Historia de Colleen Willard

– Cuando fue a visitar a su médico, un pulmonólogo de Chicago, Colleen se dirigió a la recepcionista y le dijo: “Soy Colleen Willard”. Todos en el servicio la conocían bien y exclamaron: “¡No, usted no es Colleen Willard!”. Ella insistió: ¡Sí, soy yo! Pegaron un grito, y corriendo hacia el consultorio exclamaron: “Dr. Duggan, Dr. Duggan, venga por favor!” El Dr. Duggan se asomó, sorprendido por el alboroto reinante. Al ver a Colleen, toda su perspectiva de vida cambió, y como alcanzado por un rayo, exclamó: “¡Dios mío! ¡Dios mío!”.

En septiembre pasado nos enteramos de la historia de Colleen por Patrick Latta, que vive desde hace largo tiempo en Medjugorje.

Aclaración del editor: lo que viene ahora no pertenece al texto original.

(* Let $X,Y$ be triangulable spaces, $f:X\to Y$ a homeomorphism, $k\in\mathbb{Z}$, and $\vec\varphi:X\to\mathbb{R}^n$, $\vec\psi:Y\to\mathbb{R}^n$ continuous functions with $\max_{x\in X}\|\vec\varphi(x)-\vec\psi(f(x))\|_\infty\le h$. Setting $\vec h=(h,\dots,h)$, for every $(\vec u,\vec v)\in\Delta^+$ we have $\rho_{(X,\vec\varphi),k}(\vec u-\vec h,\vec v+\vec h)\le\rho_{(Y,\vec\psi),k}(\vec u,\vec v)$.
   Context: A triangulable space is a space homeomorphic to the underlying space of a finite simplicial complex. $\|\cdot\|_\infty$ is the max-norm on $\mathbb{R}^n$. For $\vec u,\vec v\in\mathbb{R}^n$, $\vec u\preceq\vec v$ (resp. $\prec$) means $u_i\le v_i$ (resp. $u_i<v_i$) for all $i$; $\Delta^+=\{(\vec u,\vec v):\vec u\prec\vec v\}$. $X\langle\vec\varphi\preceq\vec u\rangle=\{x\in X:\varphi_i(x)\le u_i\ \forall i\}$. Homology is Čech homology with coefficients in a field. For $\vec u\prec\vec v$, $\rho_{(X,\vec\varphi),k}(\vec u,\vec v)$ is the rank of the map $\check H_k(X\langle\vec\varphi\preceq\vec u\rangle)\to\check H_k(X\langle\vec\varphi\preceq\vec v\rangle)$ induced by inclusion. *)

theory Defs
  imports "HOL-Analysis.Analysis" "HOL-Library.Extended_Nat"
begin

definition finite_simplicial_complex :: "nat set set \<Rightarrow> bool" where
  "finite_simplicial_complex K \<longleftrightarrow> finite K \<and> (\<forall>\<sigma>\<in>K. finite \<sigma> \<and> \<sigma> \<noteq> {}) \<and>
     (\<forall>\<sigma>\<in>K. \<forall>\<tau>. \<tau> \<subseteq> \<sigma> \<and> \<tau> \<noteq> {} \<longrightarrow> \<tau> \<in> K)"

text \<open>Underlying space (geometric realization) in barycentric coordinates, as a
subspace of the product space nat => real.\<close>
definition realization :: "nat set set \<Rightarrow> (nat \<Rightarrow> real) set" where
  "realization K = {t. (\<forall>i. t i \<ge> 0) \<and> {i. t i \<noteq> 0} \<in> K \<and> sum t {i. t i \<noteq> 0} = 1}"

definition triangulable :: "'a topology \<Rightarrow> bool" where
  "triangulable X \<longleftrightarrow> (\<exists>K. finite_simplicial_complex K \<and>
     X homeomorphic_space subtopology (euclidean :: (nat \<Rightarrow> real) topology) (realization K))"

definition open_cover :: "'a topology \<Rightarrow> 'a set list \<Rightarrow> bool" where
  "open_cover S U \<longleftrightarrow> (\<forall>W\<in>set U. openin S W) \<and> topspace S \<subseteq> \<Union>(set U)"

definition nerve_simplices :: "'a topology \<Rightarrow> 'a set list \<Rightarrow> int \<Rightarrow> nat list set" where
  "nerve_simplices S U k = {\<sigma>. \<sigma> \<noteq> [] \<and> int (length \<sigma>) = k + 1 \<and> (\<forall>i\<in>set \<sigma>. i < length U) \<and>
      topspace S \<inter> (\<Inter>i\<in>set \<sigma>. U ! i) \<noteq> {}}"

definition chains :: "'a topology \<Rightarrow> 'a set list \<Rightarrow> int \<Rightarrow> (nat list \<Rightarrow> 'k::field) set" where
  "chains S U k = {c. \<forall>\<sigma>. \<sigma> \<notin> nerve_simplices S U k \<longrightarrow> c \<sigma> = 0}"

definition del_nth :: "nat \<Rightarrow> 'b list \<Rightarrow> 'b list" where
  "del_nth i xs = take i xs @ drop (Suc i) xs"

definition boundary :: "'a topology \<Rightarrow> 'a set list \<Rightarrow> int \<Rightarrow> (nat list \<Rightarrow> 'k::field) \<Rightarrow> (nat list \<Rightarrow> 'k)" where
  "boundary S U k c = (\<lambda>\<tau>. if \<tau> \<in> nerve_simplices S U (k - 1) then
      (\<Sum>(\<sigma>, i)\<in>{(\<sigma>, i). \<sigma> \<in> nerve_simplices S U k \<and> i < length \<sigma> \<and> del_nth i \<sigma> = \<tau>}.
         (-1) ^ i * c \<sigma>) else 0)"

definition cycles :: "'a topology \<Rightarrow> 'a set list \<Rightarrow> int \<Rightarrow> (nat list \<Rightarrow> 'k::field) set" where
  "cycles S U k = {c \<in> chains S U k. boundary S U k c = (\<lambda>_. 0)}"

definition boundaries :: "'a topology \<Rightarrow> 'a set list \<Rightarrow> int \<Rightarrow> (nat list \<Rightarrow> 'k::field) set" where
  "boundaries S U k = boundary S U (k + 1) ` chains S U (k + 1)"

definition refines_via :: "'a set list \<Rightarrow> 'a set list \<Rightarrow> (nat \<Rightarrow> nat) \<Rightarrow> bool" where
  "refines_via V U g \<longleftrightarrow> (\<forall>j<length V. g j < length U \<and> V ! j \<subseteq> U ! g j)"

definition chain_map :: "'a topology \<Rightarrow> 'a set list \<Rightarrow> int \<Rightarrow> (nat \<Rightarrow> nat) \<Rightarrow> (nat list \<Rightarrow> 'k::field) \<Rightarrow> (nat list \<Rightarrow> 'k)" where
  "chain_map S V k g c = (\<lambda>\<tau>. \<Sum>\<sigma>\<in>{\<sigma> \<in> nerve_simplices S V k. map g \<sigma> = \<tau>}. c \<sigma>)"

text \<open>An element of the Cech homology group (inverse limit over covers) is represented by a
family of cycles, one per finite open cover, compatible under refinement up to boundaries.\<close>
definition cech_elements :: "'a topology \<Rightarrow> int \<Rightarrow> ('a set list \<Rightarrow> nat list \<Rightarrow> 'k::field) set" where
  "cech_elements S k = {z. (\<forall>U. open_cover S U \<longrightarrow> z U \<in> cycles S U k) \<and>
      (\<forall>U V g. open_cover S U \<and> open_cover S V \<and> refines_via V U g \<longrightarrow>
          (\<lambda>\<tau>. chain_map S V k g (z V) \<tau> - z U \<tau>) \<in> boundaries S U k)}"

definition cech_zero :: "'a topology \<Rightarrow> int \<Rightarrow> ('a set list \<Rightarrow> nat list \<Rightarrow> 'k::field) \<Rightarrow> bool" where
  "cech_zero S k z \<longleftrightarrow> (\<forall>U. open_cover S U \<longrightarrow> z U \<in> boundaries S U k)"

definition cech_lin_indep :: "'a topology \<Rightarrow> int \<Rightarrow> ('a set list \<Rightarrow> nat list \<Rightarrow> 'k::field) list \<Rightarrow> bool" where
  "cech_lin_indep S k zs \<longleftrightarrow> (\<forall>c :: nat \<Rightarrow> 'k.
      cech_zero S k (\<lambda>U \<tau>. \<Sum>i<length zs. c i * (zs ! i) U \<tau>) \<longrightarrow> (\<forall>i<length zs. c i = 0))"

text \<open>Map in Cech homology induced by the inclusion A into B (A subset of B): a cover of B
restricts to a cover of A whose nerve is a subcomplex of the nerve of the cover of B.\<close>
definition cech_inclusion_map :: "'a set \<Rightarrow> ('a set list \<Rightarrow> nat list \<Rightarrow> 'k) \<Rightarrow> ('a set list \<Rightarrow> nat list \<Rightarrow> 'k)" where
  "cech_inclusion_map A z = (\<lambda>U. z (map (\<lambda>W. W \<inter> A) U))"

text \<open>Rank (dimension of the image, possibly infinite) of the map
H_k(A) -> H_k(B) induced by inclusion, A, B with the subspace topology of X.\<close>
definition cech_rank :: "'k::field itself \<Rightarrow> 'a topology \<Rightarrow> 'a set \<Rightarrow> 'a set \<Rightarrow> int \<Rightarrow> enat" where
  "cech_rank K X A B k = Sup {enat m | m. \<exists>zs :: ('a set list \<Rightarrow> nat list \<Rightarrow> 'k) list.
      length zs = m \<and> set zs \<subseteq> cech_elements (subtopology X A) k \<and>
      cech_lin_indep (subtopology X B) k (map (cech_inclusion_map A) zs)}"

definition vec_le :: "real^'n \<Rightarrow> real^'n \<Rightarrow> bool" where
  "vec_le u v \<longleftrightarrow> (\<forall>i. u $ i \<le> v $ i)"

definition vec_lt :: "real^'n \<Rightarrow> real^'n \<Rightarrow> bool" where
  "vec_lt u v \<longleftrightarrow> (\<forall>i. u $ i < v $ i)"

definition sublevel :: "'a topology \<Rightarrow> ('a \<Rightarrow> real^'n) \<Rightarrow> real^'n \<Rightarrow> 'a set" where
  "sublevel X \<phi> u = {x \<in> topspace X. vec_le (\<phi> x) u}"

definition persistence_rank :: "'k::field itself \<Rightarrow> 'a topology \<Rightarrow> ('a \<Rightarrow> real^'n) \<Rightarrow> int \<Rightarrow> real^'n \<Rightarrow> real^'n \<Rightarrow> enat" where
  "persistence_rank K X \<phi> k u v = cech_rank K X (sublevel X \<phi> u) (sublevel X \<phi> v) k"

end

theory Submission
  imports Defs
begin

text \<open>The Cech groups are assembled from nerves of finite open covers, and every ingredient is
natural in operations on covers. Restricting the covers of C to a subset A embeds each nerve into
the nerve it came from, so the map induced by A \<subseteq> C sends classes to classes and boundaries to
boundaries; pulling covers back along a homeomorphism identifies the nerves. Hence the rank of
H_k(A) \<rightarrow> H_k(B) can only grow when A is enlarged and B shrunk (keeping A \<subseteq> B), and it does not
grow under transport along a homeomorphism. Since \<phi> and \<psi> \<circ> f are h-close,
  X<\<phi> \<le> u - h> \<subseteq> X<\<psi> \<circ> f \<le> u> \<subseteq> X<\<psi> \<circ> f \<le> v> \<subseteq> X<\<phi> \<le> v + h>,
and the middle pair is the preimage under f of Y<\<psi> \<le> u> \<subseteq> Y<\<psi> \<le> v>.\<close>

section \<open>Nerves\<close>

lemma finite_nerve_simplices: "finite (nerve_simplices S U k)"
proof (rule finite_subset)
  show "nerve_simplices S U k \<subseteq> {xs. set xs \<subseteq> {..<length U} \<and> length xs = nat (k + 1)}"
    by (auto simp: nerve_simplices_def)
  show "finite {xs. set xs \<subseteq> {..<length U} \<and> length xs = nat (k + 1)}"
    by (rule finite_lists_length_eq) simp
qed

lemma set_del_nth_subset: "set (del_nth i xs) \<subseteq> set xs"
  unfolding del_nth_def using set_take_subset set_drop_subset by fastforce

lemma nerve_simplices_mono:
  assumes "length U1 = length U2" "topspace S1 \<subseteq> topspace S2" "\<forall>i<length U1. U1 ! i \<subseteq> U2 ! i"
  shows "nerve_simplices S1 U1 j \<subseteq> nerve_simplices S2 U2 j"
proof
  fix \<sigma> assume "\<sigma> \<in> nerve_simplices S1 U1 j"
  then obtain x where "x \<in> topspace S1" "\<forall>i\<in>set \<sigma>. x \<in> U1 ! i" "\<forall>i\<in>set \<sigma>. i < length U1"
    and "\<sigma> \<noteq> []" "int (length \<sigma>) = j + 1"
    unfolding nerve_simplices_def by blast
  moreover from this assms have "x \<in> topspace S2 \<inter> (\<Inter>i\<in>set \<sigma>. U2 ! i)"
    by fastforce
  ultimately show "\<sigma> \<in> nerve_simplices S2 U2 j"
    using assms(1) unfolding nerve_simplices_def by auto
qed

text \<open>The face only has to be known to have the right length, which membership in any nerve of
dimension k - 1 provides.\<close>

lemma nerve_simplices_del_nth:
  assumes "\<sigma> \<in> nerve_simplices S U k" "\<tau> \<in> nerve_simplices S' U' (k - 1)"
  shows "del_nth i \<sigma> = \<tau> \<Longrightarrow> \<tau> \<in> nerve_simplices S U (k - 1)"
  using assms set_del_nth_subset[of i \<sigma>] unfolding nerve_simplices_def by blast

context
  fixes S1 U1 S2 U2
  assumes subnerve: "\<And>j. nerve_simplices S1 U1 j \<subseteq> nerve_simplices S2 U2 j"
begin

lemma chains_subnerve: "chains S1 U1 j \<subseteq> chains S2 U2 j"
  using subnerve unfolding chains_def by blast

lemma boundary_subnerve:
  assumes c: "c \<in> chains S1 U1 k"
  shows "boundary S1 U1 k c = boundary S2 U2 k c"
proof
  fix \<tau>
  define I1 where "I1 = {(\<sigma>, i). \<sigma> \<in> nerve_simplices S1 U1 k \<and> i < length \<sigma> \<and> del_nth i \<sigma> = \<tau>}"
  define I2 where "I2 = {(\<sigma>, i). \<sigma> \<in> nerve_simplices S2 U2 k \<and> i < length \<sigma> \<and> del_nth i \<sigma> = \<tau>}"
  define t where "t = (\<lambda>(\<sigma>, i). (-1) ^ i * c \<sigma>)"
  have "finite I2"
    by (rule finite_subset[of _ "Sigma (nerve_simplices S2 U2 k) (\<lambda>\<sigma>. {..<length \<sigma>})"])
       (auto simp: I2_def finite_nerve_simplices)
  moreover have "I1 \<subseteq> I2"
    using subnerve by (auto simp: I1_def I2_def)
  moreover have "\<forall>x\<in>I2 - I1. t x = 0"
    using c by (auto simp: I1_def I2_def t_def chains_def)
  ultimately have sums: "sum t I1 = sum t I2"
    by (rule sum.mono_neutral_left)
  have "I1 = {}" if "\<tau> \<notin> nerve_simplices S1 U1 (k - 1)" "\<tau> \<in> nerve_simplices S2 U2 (k - 1)"
    using that nerve_simplices_del_nth by (fastforce simp: I1_def)
  then show "boundary S1 U1 k c \<tau> = boundary S2 U2 k c \<tau>"
    using subnerve sums unfolding boundary_def I1_def[symmetric] I2_def[symmetric] t_def[symmetric]
    by auto
qed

Inmediatamente llamamos a Gail y a Jack Boos y Gail nos relató lo siguiente:

“Colleen tenía un tumor cerebral inoperable que le afectaba el funcionamiento de la glándula pituitaria al igual que toda su motricidad tanto fina como gruesa; estaba raquítica, su tiroides reducida al tamaño de una pasa de uva, sufría de esclerosis múltiple, de lupus, fibromyalgia y de otras nueve enfermedades mortales muy dolorosas. En la clínica Mayo de Rochester, Minnesota (la mejor clínica en investigación oncológica cerebral y de traumatismos a nivel de la médula espinal de los Estados Unidos) le solían recordar a Collen que, aún sin tener en cuenta su tumor cerebral, el sólo hecho de que estuviera viva en esas condiciones era de por sí un milagro. A pesar de sus sufrimientos, Colleen pidió colaborar como voluntaria en nuestra asociación “St. Clare Helper of the Poor”, y así fue como la conocimos. Se convirtió en una de nuestras mayores recaudadoras de fondos en ayuda de los refugiados y de los pobres de Bosnia, usando tan sólo el teléfono, cuando su voz se lo permitía.

En las últimas fases de su cáncer, los dolores de Colleen se habían tornado tan agudos que la oración se convirtió en su último recurso. Ya no podía subir las escaleras para ir a su cuarto o a su oratorio, era incapaz de ir al baño sin ayuda, y el sólo hecho de que la tocaran le causaba un dolor inimaginable. Su esposo, John, siguió trabajando, mientras que su hijo de 21 años se quedaba en casa y cuidaba de su madre. Un día le comenté a Colleen sobre nuestros numerosos viajes a Medjugorje. Colleen sintió deseos de ir, aunque sabía que físicamente eso no era posible; por otra parte, las facturas de la Clínica Mayo se incrementaban día a día y su famlia carecía de los medios necesarios para el viaje. Sin embargo, Colleen nos dijo: “No deseo ir para ser curada, simplemente quisiera ir y tener una experiencia de la Santísima Virgen y de ese lugar santo”. Esto fue en abril. En agosto me llamó y me dijo: “John y yo hemos estado orando para ir a Medjugorje con la peregrinación que estás organizando”. Le repliqué: “Colleen, en tus condiciones podrías ir a Europa tan sólo por gracia de Dios”. Y ella me contestó: “Mira Gail, estuvimos orando con el corazón y le dije al Señor: ‘Señor si realmente quieres que vaya, necesito que me des un signo. Permite que el P. Agniello me llame mañana y sabré que debo ir’. A la mañana siguiente a las 9:00, el P. Agniello me llamó por teléfono y me dijo: “Colleen, no sé por qué lo hago, pero sentí que debía llamarte esta mañana”. Esto le confirmó que ella y John tenían que hacer el viaje.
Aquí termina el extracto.